XEE: Geospatial analysis made easier - a tutorial & code

Ali Ahmadalipour

Research Scientist at Google X | Geospatial, AI, Climate Change, Sustainability

发布日期: 2024年1月8日

Link to tutorial on Github: https://github.com/hydroclimali/XEE_tutorial/blob/main/xee_demo.ipynb

I've been working with geospatial datasets for 13+ years now (since ~2011 that I started analyzing NASA-MODIS satellite data). Since then, there have been many advances in the field, all of which have made accessing and analyzing geospatial datasets easier and more convenient.

In this article, I'll present a tutorial focusing on a XEE, new python tool that combines the power of Google Earth Engine (GEE) and Xarray. I'll share a couple of examples and I'll provide the code and extra resources for each case. I hope you find this article useful and I hope you share it with others. If you're interested to learn more about Xarray, I had shared a tutorial for climate data analysis that can be useful as well.

Objectives:

Present a tutorial for a new geospatial data analysis tool (XEE)
Provide sample code for how to analyze geospatial data and generate high quality visualizations
Encourage people (especially students) to learn Python and showcase how easy it is to perform geospatial analysis

1. Problem statement:

Generally, the workflow for geospatial modeling begins with downloading and pre-processing various datasets from different sources. For instance, one would acquire satellite data (e.g. land cover or vegetation) from NASA, climate data from ECMWF (e.g. ERA-5), and weather predictions from NOAA (e.g. GFS). Each of these datasets may be in a different format (e.g. hdf, netcdf, grib, etc) and in various latitude/longitude resolutions. Therefore, the downloaded raw data is usually not useful later on. If one could only access different data sources in a consistent format, load the raw data to perform pre-processing and then save the desired pre-processed data, it would save quite a bit of time and storage, and it would also reduce the barriers to entry, and hence make geospatial analysis more accessible. Well, the wait seems to be over :)

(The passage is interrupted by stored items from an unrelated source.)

(* Let $\mathbf{A}\in\mathbb{R}^{n\times d}$, $\mathbf{B}\in\mathbb{R}^{n\times d_B}$, $\mathbf{C}\in\mathbb{R}^{n_C\times d}$, let $\mathbf{Y}=\mathrm{diag}(y_1,\dots,y_{d_B})$, $\mathbf{Z}=\mathrm{diag}(z_1,\dots,z_{n_C})$ with variables $y_i,z_j$, and let $k,r$ be integers with $0\le k\le\mathrm{rank}(\mathbf{B})$, $0\le r\le\mathrm{rank}(\mathbf{C})$. For any $S\subset[d_B]$ of size $k$ and $R\subset[n_C]$ of size $r$, $$\det[\mathbf{C}_{R,:}(\mathbf{C}_{R,:})^{\rm T}]\det[(\mathbf{B}_{:,S})^{\rm T}\mathbf{B}_{:,S}]\,p_{S,R}(xw;\mathbf{A},\mathbf{B},\mathbf{C})=(-1)^{k+r}x^r w^{d+k-n}\,\partial_{\mathbf{Y}^{S^C}}\partial_{\mathbf{Z}^{R^C}}H(x,w,\mathbf{Y},\mathbf{Z};\mathbf{A},\mathbf{B},\mathbf{C})\Big|_{y_i=0\,\forall i,\ z_j=0\,\forall j},$$ where $\partial_{\mathbf{Y}^{S^C}}=\prod_{i\in[d_B]\setminus S}\partial_{y_i}$ and $\partial_{\mathbf{Z}^{R^C}}=\prod_{j\in[n_C]\setminus R}\partial_{z_j}$.
   Context: Notation: $\mathbf{M}_{R,S}$, $\mathbf{M}_{:,S}$, $\mathbf{M}_{R,:}$ are submatrices; $\mathbf{M}^\dagger$ Moore–Penrose pseudoinverse with $\mathbf{M}_{R,S}^\dagger:=(\mathbf{M}_{R,S})^\dagger$; empty determinants are $1$ and $\mathbf{M}_{:,\emptyset}\mathbf{M}_{:,\emptyset}^\dagger$, $\mathbf{M}_{\emptyset,:}^\dagger\mathbf{M}_{\emptyset,:}$ are zero. $\mathbf{Q}_S=\mathbf{I}_n-\mathbf{B}_{:,S}\mathbf{B}_{:,S}^\dagger$, $\mathbf{P}_R=\mathbf{I}_d-\mathbf{C}_{R,:}^\dagger\mathbf{C}_{R,:}$, $p_{S,R}(x;\mathbf{A},\mathbf{B},\mathbf{C})=\det[x\mathbf{I}_d-(\mathbf{Q}_S\mathbf{A}\mathbf{P}_R)^{\rm T}(\mathbf{Q}_S\mathbf{A}\mathbf{P}_R)]$. Define $$H(x,w,\mathbf{Y},\mathbf{Z};\mathbf{A},\mathbf{B},\mathbf{C})=\det\begin{pmatrix} w\mathbf{I}_n&\mathbf{0}&\mathbf{B}&\mathbf{A}\\ \mathbf{0}&\mathbf{Z}&\mathbf{0}&\mathbf{C}\\ \mathbf{B}^{\rm T}&\mathbf{0}&\mathbf{Y}&\mathbf{0}\\ \mathbf{A}^{\rm T}&\mathbf{C}^{\rm T}&\mathbf{0}&x\mathbf{I}_d\end{pmatrix}.$$ *)

theory Defs
  imports "HOL-Analysis.Analysis" "Jordan_Normal_Form.DL_Rank" "Jordan_Normal_Form.DL_Submatrix"
begin

definition pinv :: "real mat \<Rightarrow> real mat" where
  "pinv M = (THE X. X \<in> carrier_mat (dim_col M) (dim_row M) \<and>
                    M * X * M = M \<and> X * M * X = X \<and>
                    transpose_mat (M * X) = M * X \<and> transpose_mat (X * M) = X * M)"

definition cols_sub :: "real mat \<Rightarrow> nat set \<Rightarrow> real mat" where
  "cols_sub M S = submatrix M {0..<dim_row M} S"

definition rows_sub :: "real mat \<Rightarrow> nat set \<Rightarrow> real mat" where
  "rows_sub M R = submatrix M R {0..<dim_col M}"

definition Qmat :: "real mat \<Rightarrow> nat set \<Rightarrow> real mat" where
  "Qmat B S = 1\<^sub>m (dim_row B) - cols_sub B S * pinv (cols_sub B S)"

definition Pmat :: "real mat \<Rightarrow> nat set \<Rightarrow> real mat" where
  "Pmat C R = 1\<^sub>m (dim_col C) - pinv (rows_sub C R) * rows_sub C R"

definition pSR :: "nat set \<Rightarrow> nat set \<Rightarrow> real \<Rightarrow> real mat \<Rightarrow> real mat \<Rightarrow> real mat \<Rightarrow> real" where
  "pSR S R x A B C =
     (let M = Qmat B S * A * Pmat C R
      in det (x \<cdot>\<^sub>m 1\<^sub>m (dim_col A) - transpose_mat M * M))"

definition Hdet :: "real \<Rightarrow> real \<Rightarrow> (nat \<Rightarrow> real) \<Rightarrow> (nat \<Rightarrow> real) \<Rightarrow>
                    real mat \<Rightarrow> real mat \<Rightarrow> real mat \<Rightarrow> real" where
  "Hdet x w y z A B C =
     (let n = dim_row A; d = dim_col A; dB = dim_col B; nC = dim_row C
      in det (four_block_mat
               (four_block_mat (w \<cdot>\<^sub>m 1\<^sub>m n) (0\<^sub>m n nC) (0\<^sub>m nC n) (mat_diag nC z))
               (four_block_mat B A (0\<^sub>m nC dB) C)
               (four_block_mat (transpose_mat B) (0\<^sub>m dB nC) (transpose_mat A) (transpose_mat C))
               (four_block_mat (mat_diag dB y) (0\<^sub>m dB d) (0\<^sub>m d dB) (x \<cdot>\<^sub>m 1\<^sub>m d))))"

definition partial :: "'v \<Rightarrow> (('v \<Rightarrow> real) \<Rightarrow> real) \<Rightarrow> ('v \<Rightarrow> real) \<Rightarrow> real" where
  "partial i f p = deriv (\<lambda>t. f (p(i := t))) (p i)"

fun pderivs :: "'v list \<Rightarrow> (('v \<Rightarrow> real) \<Rightarrow> real) \<Rightarrow> ('v \<Rightarrow> real) \<Rightarrow> real" where
  "pderivs [] f = f"
| "pderivs (i # is) f = partial i (pderivs is f)"

definition Hvar :: "real \<Rightarrow> real \<Rightarrow> real mat \<Rightarrow> real mat \<Rightarrow> real mat \<Rightarrow> (nat + nat \<Rightarrow> real) \<Rightarrow> real" where
  "Hvar x w A B C v = Hdet x w (\<lambda>i. v (Inl i)) (\<lambda>j. v (Inr j)) A B C"

end

theory Submission
  imports Defs
begin

(* H is affine in each diagonal variable y_i, z_j with the principal cofactor as slope, so the
   mixed derivative at Y = Z = 0 is the principal minor of H(x,w,0,0) that keeps the index blocks
   [n], S, R and [d].  Two eliminations evaluate this minor.  The Schur complement of the saddle
   block [w I, B_S; B_S^T, 0] contributes w^(n-k) (-1)^k det(B_S^T B_S) and leaves the bordered
   matrix [0, C_R; C_R^T, x I - A^T Q_S A / w].  Row and column operations with the projector P_R
   onto ker C_R show that det(C_R C_R^T) p_{S,R}(xw) is (-x)^r w^d times the determinant of this
   bordered matrix, because Q_S and P_R are symmetric idempotents. *)

section \<open>Derivatives of a determinant in its diagonal entries\<close>

definition unit_rows_cols :: "'a :: zero_neq_one mat \<Rightarrow> nat set \<Rightarrow> 'a mat" where
  "unit_rows_cols M U = mat (dim_row M) (dim_col M)
     (\<lambda>(i,j). if i \<in> U \<or> j \<in> U then (if i = j then 1 else 0) else M $$ (i,j))"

A typical geospatial modeling workflow and how XEE has improved it

GEE provides access to a huge catalog of datasets (tens of petabytes), and the consistent format is surely a desirable feature. Meanwhile, Xarray (being compatible with numpy, pandas, dask, and cartopy) has proven to be a unique tool for analyzing multidimensional / geospatial data (especially climate data). I think the combination of the two is a very useful tool.

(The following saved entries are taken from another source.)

lemma std_gauss_eq_density_prod:
  "(std_gauss :: 'a::euclidean_space measure)
     = density lborel (\<lambda>x. ennreal (\<Prod>b\<in>Basis. std_normal_density (x \<bullet> b)))"
proof -
  have "(2*pi) powr (- real DIM('a) / 2) = inverse (((2*pi) powr (1/2)) powr real DIM('a))"
    by (simp add: powr_powr powr_minus[symmetric])
  also have "\<dots> = (1 / sqrt (2*pi)) ^ DIM('a)"
    by (simp add: powr_half_sqrt powr_realpow power_one_over inverse_eq_divide)
  finally have const: "(2*pi) powr (- real DIM('a) / 2) = (\<Prod>b\<in>(Basis::'a set). 1 / sqrt (2*pi))"
    by simp
  have "exp (- (norm x)\<^sup>2 / 2) = (\<Prod>b\<in>(Basis::'a set). exp (- (x \<bullet> b)\<^sup>2 / 2))" for x :: 'a
    by (simp add: power2_norm_eq_sum_Basis exp_sum[symmetric] sum_negf sum_divide_distrib)
  then have "(2*pi) powr (- real DIM('a) / 2) * exp (- (norm x)\<^sup>2 / 2)
      = (\<Prod>b\<in>Basis. std_normal_density (x \<bullet> b))" for x :: 'a
    unfolding const std_normal_density_def prod.distrib by simp
  then show ?thesis
    by (simp add: std_gauss_def)
qed

lemma prob_space_std_gauss: "prob_space (std_gauss :: 'a::euclidean_space measure)"
proof
  have "emeasure (std_gauss :: 'a measure) (space std_gauss)
      = (\<integral>\<^sup>+x. (\<Prod>b\<in>Basis. ennreal (std_normal_density (x \<bullet> b))) \<partial>(lborel :: 'a measure))"
    by (simp add: std_gauss_eq_density_prod emeasure_density prod_ennreal)
  also have "\<dots> = (\<Prod>b\<in>(Basis::'a set). (\<integral>\<^sup>+x. ennreal (std_normal_density x) \<partial>lborel))"
    by (rule nn_integral_lborel_prod) auto
  also have "\<dots> = 1"
    by (simp add: nn_integral_eq_integral)
  finally show "emeasure (std_gauss :: 'a measure) (space std_gauss) = 1" .
qed

lemma integral_lborel_prod:
  fixes f :: "'a::euclidean_space \<Rightarrow> real \<Rightarrow> 'b::{real_normed_field, banach, second_countable_topology}"
  assumes int: "\<And>b. b \<in> Basis \<Longrightarrow> integrable lborel (f b)"
  shows "(\<integral>x. (\<Prod>b\<in>Basis. f b (x \<bullet> b)) \<partial>(lborel :: 'a measure)) = (\<Prod>b\<in>Basis. \<integral>x. f b x \<partial>lborel)"
proof -
  interpret P: product_sigma_finite "\<lambda>_::'a. lborel :: real measure" ..
  have [measurable]: "\<And>b. b \<in> Basis \<Longrightarrow> f b \<in> borel_measurable lborel"
    using int by (auto dest: borel_measurable_integrable)
  have "(\<lambda>x. \<Prod>b\<in>Basis. f b (x \<bullet> b)) \<in> borel_measurable (borel :: 'a measure)"
    by (intro borel_measurable_prod)
       (auto intro: measurable_compose[OF borel_measurable_inner[OF measurable_id measurable_const]])
  then have "(\<integral>x. (\<Prod>b\<in>Basis. f b (x \<bullet> b)) \<partial>(lborel :: 'a measure))
      = (\<integral>g. (\<Prod>b\<in>Basis. f b ((\<Sum>b'\<in>Basis. g b' *\<^sub>R b') \<bullet> b)) \<partial>(\<Pi>\<^sub>M b\<in>(Basis::'a set). lborel))"
    by (subst lborel_eq) (rule integral_distr, measurable)
  also have "\<dots> = (\<integral>g. (\<Prod>b\<in>Basis. f b (g b)) \<partial>(\<Pi>\<^sub>M b\<in>(Basis::'a set). lborel))"
    by (intro Bochner_Integration.integral_cong prod.cong refl) simp
  also have "\<dots> = (\<Prod>b\<in>Basis. \<integral>x. f b x \<partial>lborel)"
    by (rule P.product_integral_prod) (auto intro: int)
  finally show ?thesis .
qed

lemma integral_std_normal_density_iexp:
  "(CLINT x|lborel. std_normal_density x *\<^sub>R iexp (s * x)) = complex_of_real (exp (- (s\<^sup>2) / 2))"
proof -
  have "(CLINT x|lborel. std_normal_density x *\<^sub>R iexp (s * x)) = char std_normal_distribution s"
    unfolding char_def by (simp add: integral_density)
  then show ?thesis
    by (simp add: char_std_normal_distribution)
qed

lemma integrable_std_normal_density_iexp:
  "complex_integrable lborel (\<lambda>x. std_normal_density x *\<^sub>R iexp (s * x))"
proof -
  interpret prob_space std_normal_distribution
    by (rule prob_space_std_normal_distribution)
  have "complex_integrable std_normal_distribution (\<lambda>x. iexp (s * x))"
    by (rule integrable_iexp) auto
  then show ?thesis
    by (subst (asm) integrable_density) auto
qed
lemma recfn_canon_index:
  assumes mem: "recpred h (Suc n) (\<lambda>zs. zs!0 \<in> S (tl zs))" and "recfn h n B"
    and "\<And>xs. S xs \<subseteq> {..<B xs}"
  shows "recfn h n (\<lambda>xs. canon_index (S xs))"
proof -
  have "recfn h (Suc (Suc n)) (\<lambda>ws. if ws!0 \<in> S (tl (tl ws)) then 1 else 0)"
    using recfn_skip_second[OF mem[unfolded recpred_def]] by simp
  then have rank: "recfn h (Suc n) (\<lambda>zs. \<Sum>y<zs!0. if y \<in> S (tl zs) then 1 else 0)"
    by (rule recfn_sum[where F="\<lambda>y zs. if y \<in> S (tl zs) then 1 else 0", OF _ recfn_proj]) simp
  have "recfn h (Suc n) (\<lambda>zs. if zs!0 \<in> S (tl zs)
           then nth_prime (\<Sum>y<zs!0. if y \<in> S (tl zs) then 1 else 0) ^ zs!0 else 1)"
    by (intro recfn_if mem recfn_pow recfn_nth_prime rank recfn_proj recfn_const) simp
  then have "recfn h n (\<lambda>xs. \<Prod>x<B xs. if x \<in> S xs
           then nth_prime (\<Sum>y<x. if y \<in> S xs then 1 else 0) ^ x else 1)"
    using assms(2) by (rule recfn_prod)
  then show ?thesis by (rule recfn_cong) (simp add: canon_index_bounded[OF assms(3)])
qed

lemma recpred_decoded:
  assumes "recfn h n A" "recfn h n B"
  shows "recpred h n (\<lambda>xs. A xs \<in> decoded (B xs))"
proof -
  have exp2: "recpred h n (\<lambda>xs. A xs = multiplicity 2 (B xs))"
    by (intro recpred_eq recfn_multiplicity recfn_const assms)
  have "recpred h (Suc n) (\<lambda>zs. prime (zs!0) \<and> zs!0 dvd B (tl zs)
                              \<and> A (tl zs) = multiplicity (zs!0) (B (tl zs)))"
    by (intro recpred_conj recpred_prime recpred_dvd recpred_eq recfn_multiplicity
        recfn_proj recfn_tl assms) simp_all
  then have "recpred h n (\<lambda>xs. \<exists>p<Suc (B xs). prime p \<and> p dvd B xs \<and> A xs = multiplicity p (B xs))"
    by (rule recpred_ex_less[where P="\<lambda>p xs. prime p \<and> p dvd B xs \<and> A xs = multiplicity p (B xs)",
          OF _ recfn_Suc[OF assms(2)]])
  with exp2 have "recpred h n (\<lambda>xs. A xs = multiplicity 2 (B xs)
      \<or> (\<exists>p<Suc (B xs). prime p \<and> p dvd B xs \<and> A xs = multiplicity p (B xs)))"
    by (rule recpred_disj)
  then show ?thesis unfolding decoded_def by (simp add: less_Suc_eq_le)
qed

The growing number of startups and researchers conducting geospatial analyses (link), many of which are using similar data for training their models (mostly AI and data-driven nowadays) indicates that there's a decent market for new tools for improving geospatial modeling workflows.

2. Tutorial

Link to the Github repo: https://github.com/hydroclimali/XEE_tutorial/blob/main/xee_demo.ipynb

To be able to run the code for this part, you'll need to have an active GEE account (preferably with a high volume endpoint).

import cartopy.crs
import cartopy.feature as cfeature
import dask.distributed
import ee
import google.auth.compute_engine
import matplotlib.pyplot as plt
import xarray as xr

# Starting dask for multi-processing:
client = dask.distributed.Client(n_workers=4)
client

I'm running the notebook on a normal machine with only 4 cpus and about 16GB of RAM, but you'll see later on that our memory usage never exceeds 8GB (just in case you're worried if you can replicate this analysis on your machine).

If you want to learn more about Dask, here's the link to a good tutorial for it.

# initialize Earth Engine:
# You need to have an active EE acount for this to work.
credentials = google.auth.compute_engine.Credentials()
ee.Initialize(credentials,
    opt_url='https://earthengine-highvolume.googleapis.com')

Let's import ERA5-Land daily data for air temperature across the Contiguous US since 2000, change the projection to WGS84 (aka EPSG4326) and regrid the data to 0.2 degrees. The original data is at 0.25 degree spatial resolution and hourly temporal resolution, and can be found at this link. Here, we import the data from Earth Engine (EE) data catalogue. On EE, you can find the description for all the bands at this link.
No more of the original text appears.